Prof Dr Azyumardi Azra MA, intelektual muslim kenamaan Indonesia menyatakan, bahwa ia akan golput pada 9 Desember 2020 mendatang. Alasannya, demi solidaritas terhadap korban pandemi Covid-19. Selain, ia merasa sebagai kelompok senior citizen yang rentan dan rawan tertular virus mematikan tersebut.

Sontak saja, cuitan profesor alumni Columbia University Amerika Serikat 1988 di laman media sosialnya, disayangkan oleh Junimart Girsang politikus PDIP, dan menganggapnya tak patut dicontoh.
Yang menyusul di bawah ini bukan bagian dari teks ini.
lemma borel_measurable_nn_integral_fun_upd:
  assumes [measurable]: "h \<in> borel_measurable (lborel_Pi (Suc n))"
  shows "(\<lambda>x. \<integral>\<^sup>+ y. h (x(n := t * y)) \<partial>lborel) \<in> borel_measurable (lborel_Pi n)"
proof -
  have [measurable]: "h \<in> borel_measurable (PiM (insert n {..<n}) (\<lambda>_. lborel))"
    using assms by (simp add: lessThan_Suc)
  have "(\<lambda>z. (fst z)(n := t * snd z)) \<in> measurable (lborel_Pi n \<Otimes>\<^sub>M lborel) (PiM (insert n {..<n}) (\<lambda>_. lborel))"
    by (rule measurable_fun_upd[where J="{..<n}"]) auto
  from measurable_compose[OF this assms[unfolded lessThan_Suc]]
  have [measurable]: "(\<lambda>(x, y). h (x(n := t * y))) \<in> borel_measurable (lborel_Pi n \<Otimes>\<^sub>M lborel)"
    by (simp add: case_prod_beta')
  show ?thesis by measurable
qed

lemma nn_integral_dilate:
  assumes t: "t > 0" and "h \<in> borel_measurable (lborel_Pi n)"
  shows "(\<integral>\<^sup>+ x. h x \<partial>lborel_Pi n) = ennreal (t ^ n) * (\<integral>\<^sup>+ x. h (dilate n t x) \<partial>lborel_Pi n)"
  using assms(2)
proof (induction n arbitrary: h)
  case 0
  interpret product_sigma_finite "\<lambda>_::nat. lborel :: real measure" by standard
  have "dilate 0 t (\<lambda>k. undefined) = (\<lambda>k. undefined)" unfolding dilate_def by auto
  then show ?case by (simp add: nn_integral_empty)
next
  case (Suc n)
  interpret product_sigma_finite "\<lambda>_::nat. lborel :: real measure" by standard
  note [measurable] = Suc.prems
  have h_insert [measurable]: "h \<in> borel_measurable (PiM (insert n {..<n}) (\<lambda>_. lborel))"
    using Suc.prems by (simp add: lessThan_Suc)
  have [measurable]: "(\<lambda>x. h (dilate (Suc n) t x)) \<in> borel_measurable (PiM (insert n {..<n}) (\<lambda>_. lborel))"
    using measurable_compose[OF dilate_measurable Suc.prems] by (simp add: lessThan_Suc)
  define H where "H x = (\<integral>\<^sup>+ y. h (x(n := t * y)) \<partial>lborel)" for x
  have [measurable]: "H \<in> borel_measurable (lborel_Pi n)"
    unfolding H_def by (rule borel_measurable_nn_integral_fun_upd[OF Suc.prems])
  have "(\<integral>\<^sup>+ x. h x \<partial>lborel_Pi (Suc n)) = (\<integral>\<^sup>+ x. (\<integral>\<^sup>+ y. h (x(n := y)) \<partial>lborel) \<partial>lborel_Pi n)"
    unfolding lessThan_Suc by (rule product_nn_integral_insert) auto
  also have "\<dots> = (\<integral>\<^sup>+ x. ennreal t * H x \<partial>lborel_Pi n)"
  proof (rule nn_integral_cong)
    fix x assume x: "x \<in> space (lborel_Pi n)"
    have [measurable]: "(\<lambda>y. h (x(n := y))) \<in> borel_measurable borel"
      using measurable_compose[OF measurable_component_update[OF x, of n] h_insert] by simp
    show "(\<integral>\<^sup>+ y. h (x(n := y)) \<partial>lborel) = ennreal t * H x"
      unfolding H_def using nn_integral_real_affine[of "\<lambda>y. h (x(n := y))" t 0] t by simp
  qed
  also have "\<dots> = ennreal t * (\<integral>\<^sup>+ x. H x \<partial>lborel_Pi n)" by (rule nn_integral_cmult) measurable
  also have "(\<integral>\<^sup>+ x. H x \<partial>lborel_Pi n) = ennreal (t ^ n) * (\<integral>\<^sup>+ x. H (dilate n t x) \<partial>lborel_Pi n)"
    by (rule Suc.IH) measurable
  also have "(\<integral>\<^sup>+ x. H (dilate n t x) \<partial>lborel_Pi n)
      = (\<integral>\<^sup>+ x. (\<integral>\<^sup>+ y. h (dilate (Suc n) t (x(n := y))) \<partial>lborel) \<partial>lborel_Pi n)"
    unfolding H_def dilate_fun_upd ..
  also have "\<dots> = (\<integral>\<^sup>+ x. h (dilate (Suc n) t x) \<partial>lborel_Pi (Suc n))"
    unfolding lessThan_Suc by (rule product_nn_integral_insert[symmetric]) auto
  finally show ?case using t by (simp add: ennreal_mult mult.assoc)
qed

definition lp_norm_pow :: "nat \<Rightarrow> real \<Rightarrow> (nat \<Rightarrow> real) \<Rightarrow> real" where
  "lp_norm_pow n p x = (\<Sum>i<n. \<bar>x i\<bar> powr p)"

lemma lp_norm_pow_measurable [measurable]: "lp_norm_pow n p \<in> borel_measurable (lborel_Pi n)"
  unfolding lp_norm_pow_def by measurable

lemma lp_norm_pow_nonneg: "0 \<le> lp_norm_pow n p x"
  unfolding lp_norm_pow_def by (simp add: sum_nonneg)

lemma lp_norm_pow_dilate: "t > 0 \<Longrightarrow> lp_norm_pow n p (dilate n t x) = t powr p * lp_norm_pow n p x"
  unfolding lp_norm_pow_def dilate_def by (simp add: sum_distrib_left abs_mult powr_mult)

definition sublevel_integral :: "nat \<Rightarrow> real \<Rightarrow> ((nat \<Rightarrow> real) \<Rightarrow> ennreal) \<Rightarrow> real \<Rightarrow> ennreal" where
  "sublevel_integral n p G s = (\<integral>\<^sup>+ x. G x * indicator {x. lp_norm_pow n p x \<le> s} x \<partial>lborel_Pi n)"

lemma sublevel_integral_scale:
  assumes p: "p > 0" and s: "s > 0" and G [measurable]: "G \<in> borel_measurable (lborel_Pi n)"
    and hom: "\<And>x t. t > 0 \<Longrightarrow> G (dilate n t x) = ennreal (t ^ m) * G x"
  shows "sublevel_integral n p G s = ennreal (s powr ((real n + real m) / p)) * sublevel_integral n p G 1"
proof -
  define t where "t = s powr (1 / p)"
  have t: "t > 0" "t powr p = s" unfolding t_def using s p by (auto simp: powr_powr)
  have "sublevel_integral n p G s
      = ennreal (t ^ n) * (\<integral>\<^sup>+ x. G (dilate n t x) * indicator {x. lp_norm_pow n p x \<le> s} (dilate n t x) \<partial>lborel_Pi n)"
    unfolding sublevel_integral_def by (rule nn_integral_dilate[OF t(1)]) measurable
  also have "(\<integral>\<^sup>+ x. G (dilate n t x) * indicator {x. lp_norm_pow n p x \<le> s} (dilate n t x) \<partial>lborel_Pi n)
      = (\<integral>\<^sup>+ x. ennreal (t ^ m) * (G x * indicator {x. lp_norm_pow n p x \<le> 1} x) \<partial>lborel_Pi n)"
  proof (intro nn_integral_cong)
    fix x
    have "(lp_norm_pow n p (dilate n t x) \<le> s) = (lp_norm_pow n p x \<le> 1)"
      using lp_norm_pow_dilate[OF t(1)] t s by (simp add: mult_le_cancel_left1)
    then show "G (dilate n t x) * indicator {x. lp_norm_pow n p x \<le> s} (dilate n t x)
        = ennreal (t ^ m) * (G x * indicator {x. lp_norm_pow n p x \<le> 1} x)"
      using hom[OF t(1)] by (simp add: indicator_def mult.assoc)
  qed
  also have "\<dots> = ennreal (t ^ m) * sublevel_integral n p G 1"
    unfolding sublevel_integral_def by (rule nn_integral_cmult) measurable
  finally have "sublevel_integral n p G s = ennreal (t ^ n * t ^ m) * sublevel_integral n p G 1"
    using t by (simp add: ennreal_mult mult.assoc)
  also have "t ^ n * t ^ m = s powr ((real n + real m) / p)"
    unfolding t_def using s
    by (simp add: powr_realpow[symmetric] powr_powr powr_add[symmetric] add_divide_distrib)
  finally show ?thesis .
qed

lemma ennreal_exp_neg_eq_nn_integral:
  "ennreal (exp (- a)) = (\<integral>\<^sup>+ s. ennreal (indicator {a..} s * exp (- s)) \<partial>lborel)"
proof -
  have "(\<integral>\<^sup>+ s. ennreal (indicator {0..} s * exp (- s)) \<partial>lborel)
      = (\<integral>\<^sup>+ t. ennreal (indicator {0..} t * t powr (1 - 1) / exp t) \<partial>lborel)"
    by (intro nn_integral_cong_AE, use AE_lborel_singleton[of 0] in eventually_elim)
       (auto simp: indicator_def exp_minus field_simps)
  also have "\<dots> = 1" using Gamma_conv_nn_integral_real[of 1] by simp
  finally have "(\<integral>\<^sup>+ s. ennreal (indicator {0..} s * exp (- s)) \<partial>lborel) = 1" .
  have "(\<integral>\<^sup>+ s. ennreal (indicator {a..} s * exp (- s)) \<partial>lborel)
      = (\<integral>\<^sup>+ s. ennreal (indicator {a..} (a + 1 * s) * exp (- (a + 1 * s))) \<partial>lborel)"
    using nn_integral_real_affine[of "\<lambda>s. ennreal (indicator {a..} s * exp (- s))" 1 a] by simp
  also have "\<dots> = (\<integral>\<^sup>+ s. ennreal (exp (- a)) * ennreal (indicator {0..} s * exp (- s)) \<partial>lborel)"
    by (intro nn_integral_cong) (auto simp: indicator_def mult_exp_exp ennreal_mult[symmetric])
  also have "\<dots> = ennreal (exp (- a))"
    by (subst nn_integral_cmult) (auto simp: \<open>(\<integral>\<^sup>+ s. ennreal (indicator {0..} s * exp (- s)) \<partial>lborel) = 1\<close>)
  finally show ?thesis ..
qed
(* Let $u\in C([0,\infty)^2)$ be a viscosity subsolution and $v\in C([0,\infty)^2)$ a viscosity supersolution of \[ \partial_t f - 2(\partial_h f)^2 = 0 \ \text{ in } (0,\infty)^2, \qquad -\partial_h f = 0 \ \text{ on } (0,\infty)\times\{0\}, \] such that both $u$ and $v$ are uniformly Lipschitz continuous in the variable $h$. Then \[ \sup_{[0,\infty)^2}(u-v)=\sup_{\{0\}\times[0,\infty)}(u-v). \]
   Context: Viscosity solutions: $f\in C([0,\infty)^2)$ (variables $(t,h)$) is a viscosity subsolution if for every $(t,h)\in(0,\infty)\times[0,\infty)$ and $\phi\in C^\infty((0,\infty)\times[0,\infty))$ such that $f-\phi$ has a local maximum at $(t,h)$, we have $(\partial_t\phi-2(\partial_h\phi)^2)(t,h)\le0$ if $h>0$, and $\min(-\partial_h\phi,\partial_t\phi-2(\partial_h\phi)^2)(t,h)\le0$ if $h=0$. It is a viscosity supersolution if for every such $(t,h),\phi$ with $f-\phi$ having a local minimum at $(t,h)$, we have $(\partial_t\phi-2(\partial_h\phi)^2)(t,h)\ge0$ if $h>0$, and $\max(-\partial_h\phi,\partial_t\phi-2(\partial_h\phi)^2)(t,h)\ge0$ if $h=0$. "Uniformly Lipschitz in $h$" means there is $L<\infty$ with $|u(t,h)-u(t,h')|\le L|h-h'|$ for all $t,h,h'\ge0$. *)

theory Defs
  imports "HOL-Analysis.Analysis"
begin

fun Ck_on :: "nat \<Rightarrow> (real \<times> real) set \<Rightarrow> (real \<times> real \<Rightarrow> real) \<Rightarrow> bool" where
  "Ck_on 0 S f = continuous_on S f"
| "Ck_on (Suc k) S f =
     (\<exists>f'. (\<forall>x\<in>S. (f has_derivative f' x) (at x)) \<and> (\<forall>w. Ck_on k S (\<lambda>x. f' x w)))"

definition smooth_on :: "(real \<times> real) set \<Rightarrow> (real \<times> real \<Rightarrow> real) \<Rightarrow> bool" where
  "smooth_on S f \<longleftrightarrow> (\<forall>k. Ck_on k S f)"

definition quadrant :: "(real \<times> real) set" where
  "quadrant = {0..} \<times> {0..}"

definition test_dom :: "(real \<times> real) set" where
  "test_dom = {0<..} \<times> {0..}"

text \<open>phi \<in> C^\<infinity>((0,\<infinity>)\<times>[0,\<infinity>)): restriction of a smooth function on an open
  neighbourhood of (0,\<infinity>)\<times>[0,\<infinity>).\<close>
definition test_function :: "(real \<times> real \<Rightarrow> real) \<Rightarrow> bool" where
  "test_function \<phi> \<longleftrightarrow> (\<exists>U. open U \<and> test_dom \<subseteq> U \<and> smooth_on U \<phi>)"

definition local_max_at :: "(real \<times> real \<Rightarrow> real) \<Rightarrow> (real \<times> real) \<Rightarrow> bool" where
  "local_max_at g x \<longleftrightarrow> (\<exists>e>0. \<forall>y\<in>test_dom. dist y x < e \<longrightarrow> g y \<le> g x)"

definition local_min_at :: "(real \<times> real \<Rightarrow> real) \<Rightarrow> (real \<times> real) \<Rightarrow> bool" where
  "local_min_at g x \<longleftrightarrow> (\<exists>e>0. \<forall>y\<in>test_dom. dist y x < e \<longrightarrow> g x \<le> g y)"

text \<open>D (1,0) = \<partial>_t \<phi>, D (0,1) = \<partial>_h \<phi> at the point, where D is the derivative of \<phi>.\<close>
definition viscosity_subsolution :: "(real \<times> real \<Rightarrow> real) \<Rightarrow> bool" where
  "viscosity_subsolution f \<longleftrightarrow> continuous_on quadrant f \<and>
    (\<forall>t h \<phi> D. t > 0 \<and> h \<ge> 0 \<and> test_function \<phi> \<and> (\<phi> has_derivative D) (at (t, h)) \<and>
       local_max_at (\<lambda>y. f y - \<phi> y) (t, h) \<longrightarrow>
       (if h > 0 then D (1, 0) - 2 * (D (0, 1))\<^sup>2 \<le> 0
        else min (- D (0, 1)) (D (1, 0) - 2 * (D (0, 1))\<^sup>2) \<le> 0))"

definition viscosity_supersolution :: "(real \<times> real \<Rightarrow> real) \<Rightarrow> bool" where
  "viscosity_supersolution f \<longleftrightarrow> continuous_on quadrant f \<and>
    (\<forall>t h \<phi> D. t > 0 \<and> h \<ge> 0 \<and> test_function \<phi> \<and> (\<phi> has_derivative D) (at (t, h)) \<and>
       local_min_at (\<lambda>y. f y - \<phi> y) (t, h) \<longrightarrow>
       (if h > 0 then D (1, 0) - 2 * (D (0, 1))\<^sup>2 \<ge> 0
        else max (- D (0, 1)) (D (1, 0) - 2 * (D (0, 1))\<^sup>2) \<ge> 0))"

definition unif_lipschitz_in_h :: "(real \<times> real \<Rightarrow> real) \<Rightarrow> bool" where
  "unif_lipschitz_in_h f \<longleftrightarrow>
     (\<exists>L. \<forall>t h h'. t \<ge> 0 \<and> h \<ge> 0 \<and> h' \<ge> 0 \<longrightarrow> \<bar>f (t, h) - f (t, h')\<bar> \<le> L * \<bar>h - h'\<bar>)"

end

theory Submission
  imports Defs
begin
(* There is a one-round proof labeling scheme for $\textsc{Permutation-Recognition}$ with certificates of size $\mathcal{O}(\log n)$; that is, a proof labeling scheme deciding whether the connected $n$-node network $G$ is a permutation graph, in which every certificate has $\mathcal{O}(\log n)$ bits.
   Context: A graph $G=([n],E)$ (with $[n]=\{0,\dots,n-1\}$) is a permutation graph if there exists a permutation $\pi$ of $[n]$ such that for all $i,j\in[n]$, $\{i,j\}\in E$ iff $(i-j)(\pi(i)-\pi(j))<0$; a general graph is a permutation graph if it is isomorphic to such a graph. $\textsc{Permutation-Recognition}$ is the set of configurations $\langle G,\mathrm{id}\rangle$ with $G$ a permutation graph. Distributed setting: $G$ is a simple connected $n$-node graph, each node has a unique identifier in $\{1,\dots,\mathrm{poly}(n)\}$, nodes know only a polynomial upper bound on $n$. A proof labeling scheme (one-round, $\mathsf{dM}$) consists of an untrusted prover assigning each node $v$ a certificate $c(v)$, followed by one deterministic verification round in which each node sees its own id and certificate and the certificates (and ids) of its neighbors and accepts or rejects. Completeness: if $G$ is in the class, some certificate assignment makes all nodes accept. Soundness: if $G$ is not in the class, for every certificate assignment at least one node rejects. Its size is the maximum certificate length in bits. *)

theory Defs
  imports Complex_Main "HOL-Combinatorics.Permutations"
begin

definition perm_edge :: "(nat \<Rightarrow> nat) \<Rightarrow> nat \<Rightarrow> nat \<Rightarrow> bool" where
  "perm_edge \<pi> i j \<longleftrightarrow> (int i - int j) * (int (\<pi> i) - int (\<pi> j)) < 0"

definition is_permutation_graph :: "nat set \<Rightarrow> (nat \<Rightarrow> nat \<Rightarrow> bool) \<Rightarrow> bool" where
  "is_permutation_graph V E \<longleftrightarrow>
     (\<exists>f \<pi>. bij_betw f V {0..<card V} \<and> \<pi> permutes {0..<card V} \<and>
        (\<forall>u\<in>V. \<forall>v\<in>V. E u v \<longleftrightarrow> perm_edge \<pi> (f u) (f v)))"

definition simple_graph :: "nat set \<Rightarrow> (nat \<Rightarrow> nat \<Rightarrow> bool) \<Rightarrow> bool" where
  "simple_graph V E \<longleftrightarrow> finite V \<and>
     (\<forall>u v. E u v \<longrightarrow> u \<in> V \<and> v \<in> V \<and> u \<noteq> v \<and> E v u)"

definition connected_graph :: "nat set \<Rightarrow> (nat \<Rightarrow> nat \<Rightarrow> bool) \<Rightarrow> bool" where
  "connected_graph V E \<longleftrightarrow> V \<noteq> {} \<and> (\<forall>u\<in>V. \<forall>v\<in>V. E\<^sup>*\<^sup>* u v)"

definition network :: "nat \<Rightarrow> nat set \<Rightarrow> (nat \<Rightarrow> nat \<Rightarrow> bool) \<Rightarrow> (nat \<Rightarrow> nat) \<Rightarrow> bool" where
  "network c V E ident \<longleftrightarrow> simple_graph V E \<and> connected_graph V E \<and>
     inj_on ident V \<and> (\<forall>v\<in>V. 1 \<le> ident v \<and> ident v \<le> card V ^ c)"
lemma distr_Pair_return:
  assumes Q: "prob_space Q" and z: "z \<in> space M"
  shows "distr Q (Q \<Otimes>\<^sub>M return M z) (\<lambda>s. (s, z)) = Q \<Otimes>\<^sub>M return M z"
proof (rule measure_eqI)
  fix Z assume "Z \<in> sets (distr Q (Q \<Otimes>\<^sub>M return M z) (\<lambda>s. (s, z)))"
  then have Z: "Z \<in> sets (Q \<Otimes>\<^sub>M return M z)" by simp
  interpret R: prob_space "return M z"
    using z by (rule prob_space_return)
  have f: "(\<lambda>s. (s, z)) \<in> Q \<rightarrow>\<^sub>M Q \<Otimes>\<^sub>M return M z"
    using z by (intro measurable_Pair2') simp
  have "emeasure (Q \<Otimes>\<^sub>M return M z) Z = (\<integral>\<^sup>+s. emeasure (return M z) (Pair s -` Z) \<partial>Q)"
    using Z by (rule R.emeasure_pair_measure_alt)
  also have "\<dots> = (\<integral>\<^sup>+s. indicator ((\<lambda>s. (s, z)) -` Z \<inter> space Q) s \<partial>Q)"
  proof (rule nn_integral_cong)
    fix s assume "s \<in> space Q"
    moreover have "Pair s -` Z \<in> sets M"
      using sets_Pair1[OF Z] by simp
    ultimately show "emeasure (return M z) (Pair s -` Z) = indicator ((\<lambda>s. (s, z)) -` Z \<inter> space Q) s"
      by (simp add: indicator_def)
  qed
  also have "\<dots> = emeasure (distr Q (Q \<Otimes>\<^sub>M return M z) (\<lambda>s. (s, z))) Z"
    using measurable_sets[OF f Z] by (simp add: emeasure_distr[OF f Z])
  finally show "emeasure (distr Q (Q \<Otimes>\<^sub>M return M z) (\<lambda>s. (s, z))) Z
      = emeasure (Q \<Otimes>\<^sub>M return M z) Z"
    by simp
qed simp

lemma univ_measurable_slice:
  assumes f: "univ_measurable (K \<Otimes>\<^sub>M M) (count_space UNIV) f"
    and Q: "prob_space Q" "sets Q = sets K" and z: "z \<in> space M"
  shows "(\<lambda>s. f (s, z)) \<in> completion Q \<rightarrow>\<^sub>M count_space UNIV"
proof -
  let ?\<mu> = "Q \<Otimes>\<^sub>M return M z"
  have "prob_space ?\<mu>"
    using Q(1) prob_space_return[OF z] by (rule prob_space_pair)
  moreover have "sets ?\<mu> = sets (K \<Otimes>\<^sub>M M)"
    using Q by (intro sets_pair_measure_cong) auto
  ultimately have f': "f \<in> completion ?\<mu> \<rightarrow>\<^sub>M count_space UNIV"
    using f by (simp add: univ_measurable_def)
  have Pair: "(\<lambda>s. (s, z)) \<in> Q \<rightarrow>\<^sub>M ?\<mu>"
    using z by (intro measurable_Pair2') simp
  have "(\<lambda>s. (s, z)) \<in> completion Q \<rightarrow>\<^sub>M completion ?\<mu>"
    using distr_completion[OF Pair] distr_Pair_return[OF Q(1) z]
    by (intro completion.measurable_completion2 measurable_completion[OF Pair]) simp
  from measurable_comp[OF this f'] show ?thesis
    by (simp add: comp_def)
qed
Sikap Azra dinilai terkait dengan seruan penundaan Pilkada Serentak, sebagaimana disuarakan juga oleh NU dan Muhammadiyah.

Tentu secara tersirat, sikap Rektor UIN Syarif Hidayatullah Jakarta (1998-2006) tersebut, golput dalam pengertiannya merupakan “gerakan perlawanan” terhadap rezim berkuasa yang menafikan suara masyarakat sipil. Golput suatu sikap khas Indonesia yang bergulir sejak Pemilu 1971 dan selama pemilu Orde Baru.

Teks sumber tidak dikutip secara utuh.